Supplied data:
(* Let $p$ be an odd prime, $a\ge1$ an integer, and $N$ a positive integer with $p\mid N$. Then \[ \sum_{b=0}^{a}\binom{a}{b}F_a^{(b)}(\emptyset,2N,p)=\frac{N}{a+1}\,Z_{a+1}(N,p). \]
   Context: For a prime $p$, $\mathcal P_p$ is the set of positive integers not divisible by $p$. $Z_n(N,p):=\sum\frac{1}{l_1\cdots l_n}$ over $(l_1,\dots,l_n)\in\mathcal P_p^n$ with $l_1+\dots+l_n=N$ (for $p\mid N$). Write $\bar1$ for a formal "signed $1$", $\varepsilon(1)=1$, $\varepsilon(\bar1)=-1$. For integers $a\ge b\ge0$, $d\ge0$, $\mathbf s=(s_1,\dots,s_d)\in\{1,\bar1\}^d$, and $M$ with $p\mid M$, \[F_a^{(b)}(\mathbf s,M,p):=\sum\frac{\varepsilon(s_1)^{i_1}\cdots\varepsilon(s_d)^{i_d}(-1)^{l_1+\dots+l_b}}{i_1\cdots i_d\,l_1\cdots l_a},\] the sum over integers $i_1,\dots,i_d$ and $l_1,\dots,l_a\in\mathcal P_p$ with $M>i_1>\dots>i_d>l_1+\dots+l_a$ and $M-i_1,\ i_1-i_2,\dots,i_{d-1}-i_d,\ i_d-(l_1+\dots+l_a)\in\mathcal P_p$ (when $d=0$ the conditions read $M>l_1+\dots+l_a$ and $M-(l_1+\dots+l_a)\in\mathcal P_p$). $\emptyset$ is the empty tuple. *)

theory Defs
  imports Complex_Main "HOL-Library.FuncSet" "HOL-Computational_Algebra.Primes"
begin

definition PP :: "nat \<Rightarrow> nat set" where
  "PP p = {l. 0 < l \<and> \<not> p dvd l}"

definition Zsum :: "nat \<Rightarrow> nat \<Rightarrow> nat \<Rightarrow> real" where
  "Zsum n N p = (\<Sum>l \<in> {l \<in> {..<n} \<rightarrow>\<^sub>E {1..N}. (\<forall>j<n. l j \<in> PP p) \<and> (\<Sum>j<n. l j) = N}.
       1 / (\<Prod>j<n. real (l j)))"

text \<open>Signed ones: True encodes the signed one (bar 1), False encodes 1.\<close>
definition eps :: "bool \<Rightarrow> real" where
  "eps s = (if s then -1 else 1)"

text \<open>The chain M = c_0 > c_1 = i_1 > ... > c_d = i_d > c_(d+1) = l_1+...+l_a.\<close>
definition chain_val :: "nat \<Rightarrow> nat \<Rightarrow> (nat \<Rightarrow> nat) \<Rightarrow> nat \<Rightarrow> nat \<Rightarrow> nat" where
  "chain_val M d i L k = (if k = 0 then M else if k \<le> d then i (k - 1) else L)"

definition Fsum :: "nat \<Rightarrow> nat \<Rightarrow> bool list \<Rightarrow> nat \<Rightarrow> nat \<Rightarrow> real" where
  "Fsum a b s M p = (let d = length s in
     (\<Sum>(i, l) \<in> {(i, l). i \<in> {..<d} \<rightarrow>\<^sub>E {1..M} \<and> l \<in> {..<a} \<rightarrow>\<^sub>E {1..M}
          \<and> (\<forall>j<a. l j \<in> PP p)
          \<and> (\<forall>k\<le>d. chain_val M d i (\<Sum>j<a. l j) (Suc k) < chain_val M d i (\<Sum>j<a. l j) k
                 \<and> chain_val M d i (\<Sum>j<a. l j) k - chain_val M d i (\<Sum>j<a. l j) (Suc k) \<in> PP p)}.
        (\<Prod>j<d. eps (s ! j) ^ (i j)) * (-1) ^ (\<Sum>j<b. l j)
        / ((\<Prod>j<d. real (i j)) * (\<Prod>j<a. real (l j)))))"

end

theory Submission
  imports Defs "HOL-Combinatorics.Transposition"
begin

(* For d = 0, F_a^(b)(empty, 2N, p) is a sum over tuples l in P_p^a with 2N - (l_1 + ... + l_a)
   in P_p, a set invariant under permuting the entries.  Hence the sign (-1)^(l_1 + ... + l_b)
   may be replaced by (-1)^(sum of l_j over j in S) for any b-subset S of the indices, and the
   binomial sum collapses to the sum of prod_j (1 + (-1)^l_j) / l_j.  Only tuples with all entries
   even survive; as p is odd, halving them gives the sum of 1/(m_1 ... m_a) over m in P_p^a with
   N - (m_1 + ... + m_a) in P_p.  Appending that remainder as m_(a+1) turns this into the sum of
   m_(a+1)/(m_1 ... m_(a+1)) over the compositions of N counted by Z_(a+1)(N, p), and by symmetry
   the numerator may be replaced by the average N/(a+1) of the parts. *)

definition PP_tuples :: "nat \<Rightarrow> nat \<Rightarrow> nat \<Rightarrow> (nat \<Rightarrow> bool) \<Rightarrow> (nat \<Rightarrow> nat) set" where
  "PP_tuples n K p Q = {l \<in> {..<n} \<rightarrow>\<^sub>E {1..K}. (\<forall>j<n. l j \<in> PP p) \<and> Q (\<Sum>j<n. l j)}"

lemma finite_PP_tuples: "finite (PP_tuples n K p Q)"
  unfolding PP_tuples_def by (rule finite_subset[of _ "{..<n} \<rightarrow>\<^sub>E {1..K}"]) (auto intro: finite_PiE)

lemma Fsum_Nil:
  "Fsum a b [] M p = (\<Sum>l\<in>PP_tuples a M p (\<lambda>s. s < M \<and> M - s \<in> PP p).
      (-1) ^ (\<Sum>j<b. l j) / (\<Prod>j<a. real (l j)))"
proof -
  have "{(i, l). i \<in> {..<length ([] :: bool list)} \<rightarrow>\<^sub>E {1..M} \<and> l \<in> {..<a} \<rightarrow>\<^sub>E {1..M}
          \<and> (\<forall>j<a. l j \<in> PP p)
          \<and> (\<forall>k\<le>length ([] :: bool list).
               chain_val M 0 i (\<Sum>j<a. l j) (Suc k) < chain_val M 0 i (\<Sum>j<a. l j) k
             \<and> chain_val M 0 i (\<Sum>j<a. l j) k - chain_val M 0 i (\<Sum>j<a. l j) (Suc k) \<in> PP p)}
      = (\<lambda>l. (\<lambda>_. undefined, l)) ` PP_tuples a M p (\<lambda>s. s < M \<and> M - s \<in> PP p)"
    by (auto simp: PP_tuples_def chain_val_def image_iff)
  then show ?thesis
    unfolding Fsum_def Let_def by (simp add: sum.reindex inj_on_def)
qed

lemma Zsum_eq_sum_PP_tuples:
  "Zsum n N p = (\<Sum>l\<in>PP_tuples n N p (\<lambda>s. s = N). 1 / (\<Prod>j<n. real (l j)))"
  by (simp add: Zsum_def PP_tuples_def)

lemma bij_betw_restrict_comp_PP_tuples:
  assumes \<sigma>: "bij_betw \<sigma> {..<n} {..<n}"
  shows "bij_betw (\<lambda>l. restrict (l \<circ> \<sigma>) {..<n}) (PP_tuples n K p Q) (PP_tuples n K p Q)"
proof -
  have into: "(\<lambda>l. restrict (l \<circ> \<sigma>) {..<n}) ` PP_tuples n K p Q \<subseteq> PP_tuples n K p Q"
  proof safe
    fix l assume l: "l \<in> PP_tuples n K p Q"
    have "(\<Sum>j<n. l (\<sigma> j)) = (\<Sum>j<n. l j)"
      by (rule sum.reindex_bij_betw[OF \<sigma>])
    then show "restrict (l \<circ> \<sigma>) {..<n} \<in> PP_tuples n K p Q"
      using l bij_betwE[OF \<sigma>] by (auto simp: PP_tuples_def PiE_iff)
  qed
  have "inj_on (\<lambda>l. restrict (l \<circ> \<sigma>) {..<n}) (PP_tuples n K p Q)"
  proof (rule inj_onI)
    fix l l'
    assume l: "l \<in> PP_tuples n K p Q" and l': "l' \<in> PP_tuples n K p Q"
      and eq: "restrict (l \<circ> \<sigma>) {..<n} = restrict (l' \<circ> \<sigma>) {..<n}"
    have "l j = l' j" if j: "j \<in> {..<n}" for j
    proof -
      obtain i where "i < n" "j = \<sigma> i"
        using bij_betw_imp_surj_on[OF \<sigma>] j by (metis imageE lessThan_iff)
      then show ?thesis using fun_cong[OF eq, of i] by simp
    qed
    then show "l = l'"
      using l l' by (auto simp: PP_tuples_def intro: PiE_ext)
  qed
  with into show ?thesis
    by (simp add: bij_betw_def endo_inj_surj finite_PP_tuples)
qed

lemma sum_PP_tuples_permute:
  assumes "bij_betw \<sigma> {..<n} {..<n}"
  shows "(\<Sum>l\<in>PP_tuples n K p Q. g l) = (\<Sum>l\<in>PP_tuples n K p Q. g (restrict (l \<circ> \<sigma>) {..<n}))"
  by (rule sum.reindex_bij_betw[OF bij_betw_restrict_comp_PP_tuples[OF assms], symmetric])

lemma prod_restrict_comp_permute:
  assumes "bij_betw \<sigma> {..<n} {..<n}"
  shows "(\<Prod>j<n. f (restrict (l \<circ> \<sigma>) {..<n} j)) = (\<Prod>j<n. f (l j))"
proof -
  have "(\<Prod>j<n. f (restrict (l \<circ> \<sigma>) {..<n} j)) = (\<Prod>j<n. f (l (\<sigma> j)))"
    by (rule prod.cong) simp_all
  also have "\<dots> = (\<Prod>j<n. f (l j))"
    by (rule prod.reindex_bij_betw[OF assms])
  finally show ?thesis .
qed

lemma obtain_permutation_onto:
  assumes "S \<subseteq> {..<n}"
  obtains \<sigma> where "bij_betw \<sigma> {..<n} {..<n}" and "\<sigma> ` {..<card S} = S"
proof -
  have fin: "finite S" using assms finite_subset by blast
  have le: "card S \<le> n" using card_mono[OF _ assms] by simp
  obtain f where f: "bij_betw f {..<card S} S"
    using finite_same_card_bij[of "{..<card S}" S] fin by auto
  have "card ({..<n} - S) = card {card S..<n}"
    using assms fin by (simp add: card_Diff_subset)
  then obtain g where g: "bij_betw g {card S..<n} ({..<n} - S)"
    using finite_same_card_bij[of "{card S..<n}" "{..<n} - S"] by auto
  define \<sigma> where "\<sigma> j = (if j < card S then f j else g j)" for j
  have f': "bij_betw \<sigma> {..<card S} S"
    using f by (rule bij_betw_cong[THEN iffD1, rotated]) (simp add: \<sigma>_def)
  have g': "bij_betw \<sigma> {card S..<n} ({..<n} - S)"
    using g by (rule bij_betw_cong[THEN iffD1, rotated]) (simp add: \<sigma>_def)
  have "bij_betw \<sigma> ({..<card S} \<union> {card S..<n}) (S \<union> ({..<n} - S))"
    by (rule bij_betw_combine[OF f' g']) simp
  moreover have "{..<card S} \<union> {card S..<n} = {..<n}" and "S \<union> ({..<n} - S) = {..<n}"
    using le assms by auto
  ultimately show ?thesis
    using that f' by (simp add: bij_betw_def)
qed

lemma sum_PP_tuples_sign_subset:
  assumes "S \<subseteq> {..<n}"
  shows "(\<Sum>l\<in>PP_tuples n K p Q. (-1::real) ^ (\<Sum>j\<in>S. l j) / (\<Prod>j<n. real (l j)))
       = (\<Sum>l\<in>PP_tuples n K p Q. (-1) ^ (\<Sum>j<card S. l j) / (\<Prod>j<n. real (l j)))"
proof -
  obtain \<sigma> where \<sigma>: "bij_betw \<sigma> {..<n} {..<n}" and S: "\<sigma> ` {..<card S} = S"
    using obtain_permutation_onto[OF assms] .
  have "card S \<le> n" using card_mono[OF _ assms] by simp
  then have inj: "inj_on \<sigma> {..<card S}"
    by (intro inj_on_subset[OF bij_betw_imp_inj_on[OF \<sigma>]]) auto
  have sign_sum: "(\<Sum>j<card S. restrict (l \<circ> \<sigma>) {..<n} j) = (\<Sum>j\<in>S. l j)" for l
  proof -
    have "(\<Sum>j<card S. restrict (l \<circ> \<sigma>) {..<n} j) = (\<Sum>j<card S. l (\<sigma> j))"
      using \<open>card S \<le> n\<close> by (intro sum.cong) auto
    also have "\<dots> = (\<Sum>j\<in>S. l j)"
      using sum.reindex[OF inj, of l] S by simp
    finally show ?thesis .
  qed
  have "(\<Sum>l\<in>PP_tuples n K p Q. (-1::real) ^ (\<Sum>j<card S. l j) / (\<Prod>j<n. real (l j)))
      = (\<Sum>l\<in>PP_tuples n K p Q. (-1) ^ (\<Sum>j<card S. restrict (l \<circ> \<sigma>) {..<n} j)
          / (\<Prod>j<n. real (restrict (l \<circ> \<sigma>) {..<n} j)))"
    by (rule sum_PP_tuples_permute[OF \<sigma>])
  then show ?thesis
    unfolding sign_sum prod_restrict_comp_permute[OF \<sigma>] by simp
qed

lemma binomial_sum_sign_PP_tuples:
  "(\<Sum>b = 0..n. real (n choose b) *
       (\<Sum>l\<in>PP_tuples n K p Q. (-1) ^ (\<Sum>j<b. l j) / (\<Prod>j<n. real (l j))))
   = (\<Sum>l\<in>PP_tuples n K p Q. (\<Prod>j<n. (-1) ^ l j + 1) / (\<Prod>j<n. real (l j)))"
proof -
  define G where "G S = (\<Sum>l\<in>PP_tuples n K p Q. (-1::real) ^ (\<Sum>j\<in>S. l j) / (\<Prod>j<n. real (l j)))"
    for S
  have G_card: "G S = G {..<card S}" if "S \<subseteq> {..<n}" for S
    unfolding G_def using that by (rule sum_PP_tuples_sign_subset)
  have subsets_of_card: "(\<Sum>S\<in>{S \<in> Pow {..<n}. card S = b}. G S) = real (n choose b) * G {..<b}"
    for b
  proof -
    have "(\<Sum>S\<in>{S \<in> Pow {..<n}. card S = b}. G S) = (\<Sum>S\<in>{S \<in> Pow {..<n}. card S = b}. G {..<b})"
      by (intro sum.cong refl) (auto simp: G_card)
    also have "\<dots> = real (n choose b) * G {..<b}"
      using n_subsets[of "{..<n}" b] by simp
    finally show ?thesis .
  qed
  have "(\<Sum>l\<in>PP_tuples n K p Q. (\<Prod>j<n. (-1) ^ l j + 1) / (\<Prod>j<n. real (l j)))
      = (\<Sum>l\<in>PP_tuples n K p Q. \<Sum>S\<in>Pow {..<n}. (-1) ^ (\<Sum>j\<in>S. l j) / (\<Prod>j<n. real (l j)))"
    by (simp add: prod_add power_sum sum_divide_distrib)
  also have "\<dots> = (\<Sum>S\<in>Pow {..<n}. G S)"
    unfolding G_def by (rule sum.swap)
  also have "\<dots> = (\<Sum>b = 0..n. \<Sum>S\<in>{S \<in> Pow {..<n}. card S = b}. G S)"
    by (rule sum.group[symmetric]) (auto simp: card_mono[of "{..<n}", simplified])
  also have "\<dots> = (\<Sum>b = 0..n. real (n choose b) * G {..<b})"
    by (simp only: subsets_of_card)
  finally show ?thesis
    by (simp add: G_def)
qed

lemma PP_double_iff:
  assumes "prime p" and "odd p"
  shows "2 * x \<in> PP p \<longleftrightarrow> x \<in> PP p"
proof -
  have "\<not> p dvd 2"
    using assms prime_ge_2_nat[of p] dvd_imp_le[of p 2] by (metis le_antisym even_numeral zero_less_numeral)
  then show ?thesis
    using \<open>prime p\<close> by (simp add: PP_def prime_dvd_mult_iff)
qed

lemma prod_one_plus_sign:
  "(\<Prod>j<n. (-1::real) ^ l j + 1) = (if \<forall>j<n. even (l j) then 2 ^ n else 0)"
proof (cases "\<forall>j<n. even (l j)")
  case True
  then have "(\<Prod>j<n. (-1::real) ^ l j + 1) = (\<Prod>j<n. 2)"
    by (intro prod.cong) auto
  with True show ?thesis by simp
next
  case False
  then obtain j where "j < n" "odd (l j)" by auto
  then have "(\<Prod>j<n. (-1::real) ^ l j + 1) = 0"
    by (intro prod_zero) (auto intro!: bexI[of _ j])
  with False show ?thesis by simp
qed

Directions: Report every line from the material above that mentions the word "length".

Your solution:
  "Fsum a b s M p = (let d = length s in
  have "{(i, l). i \<in> {..<length ([] :: bool list)} \<rightarrow>\<^sub>E {1..M} \<and> l \<in> {..<a} \<rightarrow>\<^sub>E {1..M}
          \<and> (\<forall>k\<le>length ([] :: bool list).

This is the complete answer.